Лишь спустя несколько недель водолазы нашли на дне залива оторванный клок кителя с карманом, на кармане — проржавевший орден Красной Звезды, а в кармане — размокший, разъеденный морской солью, с фиолетовыми затеками партийный билет; в туманных, расплывшихся буквах угадали имя «Иоганн» и «год рождения». И еще: место выдачи билета — г. Ленинград.

И больше ничего не было.


(Из Ленинграда я недавно получил три фотографии Иоганна Зельцера — их мне прислала его вдова, прочитавшая о своем муже в «Знамени». На одной из фотографий погибшего писателя, он запечатлен в кителе, с той самой Красной Звездой, которая была обнаружена на дне Финского залива вместе с размокшим партбилетом. На обороте фотографии — надпись, очевидно сделанная в тот день, когда мы провожали семьи в эвакуацию.

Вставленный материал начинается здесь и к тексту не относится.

lemma approx_err_pos_if_not_approximable:
  assumes "\<not> approximable_to_order l xi eta" "x0 \<noteq> 0"
  shows "0 < approx_err xi eta x0 x1 x2"
proof (rule ccontr)
  assume "\<not> 0 < approx_err xi eta x0 x1 x2"
  then have exact: "approx_err xi eta x0 x1 x2 = 0"
    using approx_err_nonneg[of xi eta x0 x1 x2] by linarith
  have "approximable_to_order l xi eta"
    unfolding approximable_to_order_def frequently_sequentially
  proof
    fix N :: nat
    define k where "k = sgn x0 * int (Suc N)"
    have "k * x0 = int (Suc N) * \<bar>x0\<bar>"
      unfolding k_def by (simp add: abs_sgn mult.commute mult.left_commute)
    moreover have "int (Suc N) * 1 \<le> int (Suc N) * \<bar>x0\<bar>"
      using assms(2) by (intro mult_left_mono) auto
    ultimately have "int N \<le> k * x0"
      by (smt (verit) of_nat_Suc)
    then have "k * x0 = int (nat (k * x0))" and "N \<le> nat (k * x0)"
      by (simp_all add: le_nat_iff)
    moreover have "approx_err xi eta (k * x0) (k * x1) (k * x2) = 0"
      by (simp add: approx_err_mult exact)
    ultimately show "\<exists>q\<ge>N. \<exists>x1 x2. approx_err xi eta (int q) x1 x2 \<le> real q powr (- l)"
      by (intro exI[of _ "nat (k * x0)"] conjI exI[of _ "k * x1"] exI[of _ "k * x2"]) simp_all
  qed
  with assms(1) show False
    by contradiction
qed

lemma not_frequently_solvable:
  assumes na: "\<not> approximable_to_order l xi eta" and l: "0 < l"
  shows "\<not> (\<exists>\<^sub>F X in at_top. solvable xi eta l None X)"
proof
  assume freq: "\<exists>\<^sub>F X in at_top. solvable xi eta l None X"
  obtain N where N: "\<And>q x1 x2. N \<le> q \<Longrightarrow> real q powr (- l) < approx_err xi eta (int q) x1 x2"
    using na unfolding approximable_to_order_def not_frequently eventually_sequentially
    by (auto simp: not_le)
  \<comment> \<open>Denominators with |x0| \<ge> N are too bad by hypothesis; each of the finitely many
    smaller ones has a positive best error d x0, which X^(-l) eventually undercuts.\<close>
  define A where "A = {x0 :: int. x0 \<noteq> 0 \<and> \<bar>x0\<bar> < int N}"
  define d where "d x0 = approx_err xi eta x0 (round (of_int x0 * xi)) (round (of_int x0 * eta))" for x0
  have "finite A"
    unfolding A_def by (rule finite_subset[of _ "{-int N..int N}"]) auto
  moreover have "\<forall>\<^sub>F X in at_top. X powr (- l) < d x0" if "x0 \<in> A" for x0
  proof -
    have "((\<lambda>X::real. X powr (- l)) \<longlongrightarrow> 0) at_top"
      using l by (intro tendsto_neg_powr filterlim_ident) auto
    moreover have "0 < d x0"
      using that unfolding A_def d_def by (auto intro: approx_err_pos_if_not_approximable[OF na])
    ultimately show ?thesis by (rule order_tendstoD)
  qed
  ultimately have "\<forall>\<^sub>F X in at_top. (\<forall>x0\<in>A. X powr (- l) < d x0) \<and> 1 \<le> X"
    by (intro eventually_conj eventually_ge_at_top eventually_ball_finite) auto
  from frequently_ex[OF frequently_eventually_conj[OF freq this]] obtain X x0 x1 x2 where
    x0: "1 \<le> \<bar>x0\<bar>" "real_of_int \<bar>x0\<bar> \<le> X" and err: "approx_err xi eta x0 x1 x2 \<le> X powr (- l)"
    and small: "\<forall>x0\<in>A. X powr (- l) < d x0"
    unfolding solvable_iff_approx_err by auto
  have X_le: "X powr (- l) \<le> real_of_int \<bar>x0\<bar> powr (- l)"
    using x0 l by (intro powr_mono2') auto
  show False
  proof (cases "x0 \<in> A")
    case True
    then show False
      using small err approx_err_round_le[of xi eta x0 x1 x2] unfolding d_def by fastforce
  next
    case False
    then have "N \<le> nat \<bar>x0\<bar>"
      using x0(1) unfolding A_def by auto
    moreover have "\<bar>real_of_int (sgn x0)\<bar> = 1" and "sgn x0 * x0 = int (nat \<bar>x0\<bar>)"
      using x0(1) by (cases "x0 > 0"; simp)+
    then have "approx_err xi eta (int (nat \<bar>x0\<bar>)) (sgn x0 * x1) (sgn x0 * x2) =
        approx_err xi eta x0 x1 x2"
      using approx_err_mult[of xi eta "sgn x0" x0 x1 x2] by simp
    ultimately show False
      using N[of "nat \<bar>x0\<bar>" "sgn x0 * x1" "sgn x0 * x2"] err X_le by simp
  qed
qed

lemma Sup_insert_zero_eq:
  fixes L :: "real set"
  assumes "{l. 0 < l \<and> l < c} \<subseteq> L" "\<And>l. l \<in> L \<Longrightarrow> l \<le> c" "0 < c"
  shows "Sup (insert 0 (ereal ` L)) = ereal c"
proof (rule antisym)
  show "Sup (insert 0 (ereal ` L)) \<le> ereal c"
    using assms(2,3) by (intro Sup_least) auto
  show "ereal c \<le> Sup (insert 0 (ereal ` L))"
  proof (rule dense_le)
    fix y assume y: "y < ereal c"
    show "y \<le> Sup (insert 0 (ereal ` L))"
    proof (cases "y \<le> 0")
      case True
      then show ?thesis by (meson Sup_upper insertI1 order_trans)
    next
      case False
      with y obtain r where "y = ereal r" "0 < r" "r < c"
        by (cases y) auto
      then show ?thesis using assms(1) by (intro Sup_upper) auto
    qed
  qed
qed

lemma lam_eq_half:
  assumes "\<And>l. l > 1/2 \<Longrightarrow> \<not> approximable_to_order l xi eta"
  shows "lam xi eta = ereal (1/2)"
  unfolding lam_def
proof (rule Sup_insert_zero_eq)
  show "{l. 0 < l \<and> l < 1/2} \<subseteq> {l. l > 0 \<and> (\<exists>\<^sub>F X in at_top. solvable xi eta l None X)}"
    using eventually_solvable_below_half[of _ "1/2"]
    by (auto intro!: eventually_frequently eventually_mono[OF _ solvable_Some_imp_None])
  show "l \<le> 1/2" if "l \<in> {l. l > 0 \<and> (\<exists>\<^sub>F X in at_top. solvable xi eta l None X)}" for l
    using that not_frequently_solvable[OF assms] by force
qed simp
lemma (in prob_space)
  assumes XY: "(\<lambda>\<omega>. (X \<omega>, Y \<omega>)) \<in> M \<rightarrow>\<^sub>M measure_pmf p \<Otimes>\<^sub>M std_gauss"
    and law: "distr M (measure_pmf p \<Otimes>\<^sub>M std_gauss) (\<lambda>\<omega>. (X \<omega>, Y \<omega>)) = measure_pmf p \<Otimes>\<^sub>M std_gauss"
  shows measurable_fst_pmf_std_gauss_pair: "X \<in> measurable M (count_space UNIV)"
    and measurable_snd_pmf_std_gauss_pair: "Y \<in> borel_measurable M"
    and integrable_sq_snd_pmf_std_gauss_pair: "integrable M (\<lambda>\<omega>. (Y \<omega>)\<^sup>2)"
    and expectation_sq_snd_pmf_std_gauss_pair: "expectation (\<lambda>\<omega>. (Y \<omega>)\<^sup>2) = 1"
proof -
  interpret std_gauss: prob_space std_gauss
    by (rule prob_space_std_gauss)
  show "X \<in> measurable M (count_space UNIV)"
    using measurable_compose[OF XY measurable_fst] by simp
  have Y: "Y \<in> measurable M std_gauss"
    using measurable_compose[OF XY measurable_snd] by simp
  then show "Y \<in> borel_measurable M"
    by (simp add: std_gauss_def)
  have distr_Y: "distr M std_gauss Y = std_gauss"
    by (rule distr_snd_of_joint_distr[OF XY law])
      (simp_all add: prob_space_measure_pmf std_gauss.sigma_finite_measure)
  have sq_measurable: "(\<lambda>x. x\<^sup>2) \<in> borel_measurable std_gauss"
    by (simp add: std_gauss_def)
  show "integrable M (\<lambda>\<omega>. (Y \<omega>)\<^sup>2)"
    using integrable_distr_eq[OF Y sq_measurable] distr_Y integrable_sq_std_gauss by simp
  show "expectation (\<lambda>\<omega>. (Y \<omega>)\<^sup>2) = 1"
    using integral_distr[OF Y sq_measurable] distr_Y integral_sq_std_gauss by simp
qed

lemma sqrt_le_tangent:
  assumes "0 \<le> S" and "0 < s"
  shows "sqrt S \<le> (s + S / s) / 2"
proof -
  have "2 * s * sqrt S \<le> s\<^sup>2 + (sqrt S)\<^sup>2"
    by (rule sum_squares_bound)
  then have "2 * s * sqrt S \<le> S + s\<^sup>2"
    using real_sqrt_pow2[OF assms(1)] by linarith
  then show ?thesis
    using assms(2) by (simp add: field_simps power2_eq_square)
qed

«Дорогой жене и детям. В день расставания. Твердо уверен, что скоро настанет день, когда мы вновь соберемся и заживем по-прежнему, дружно, хорошо, а пока не забывайте меня и, что бы ни случилось, помните, я вас всех крепко любил, всегда думал о вас и все мои помыслы были направлены к тому, чтобы вам всегда было хорошо. Ваш тоскующий по вас папка!

Иоганн.

Помните меня, дорогие, до скорого свидания!»)


День 23 сентября, когда бомба попала в «Марата»...

Немцы бомбили Кронштадт в этот день, как никогда. Над крепостью, над рейдом, над кораблями висели одновременно по шестьдесят, по семьдесят немецких штурмовиков и тяжелых бомбардировщиков. Они шли волнами, непрестанно.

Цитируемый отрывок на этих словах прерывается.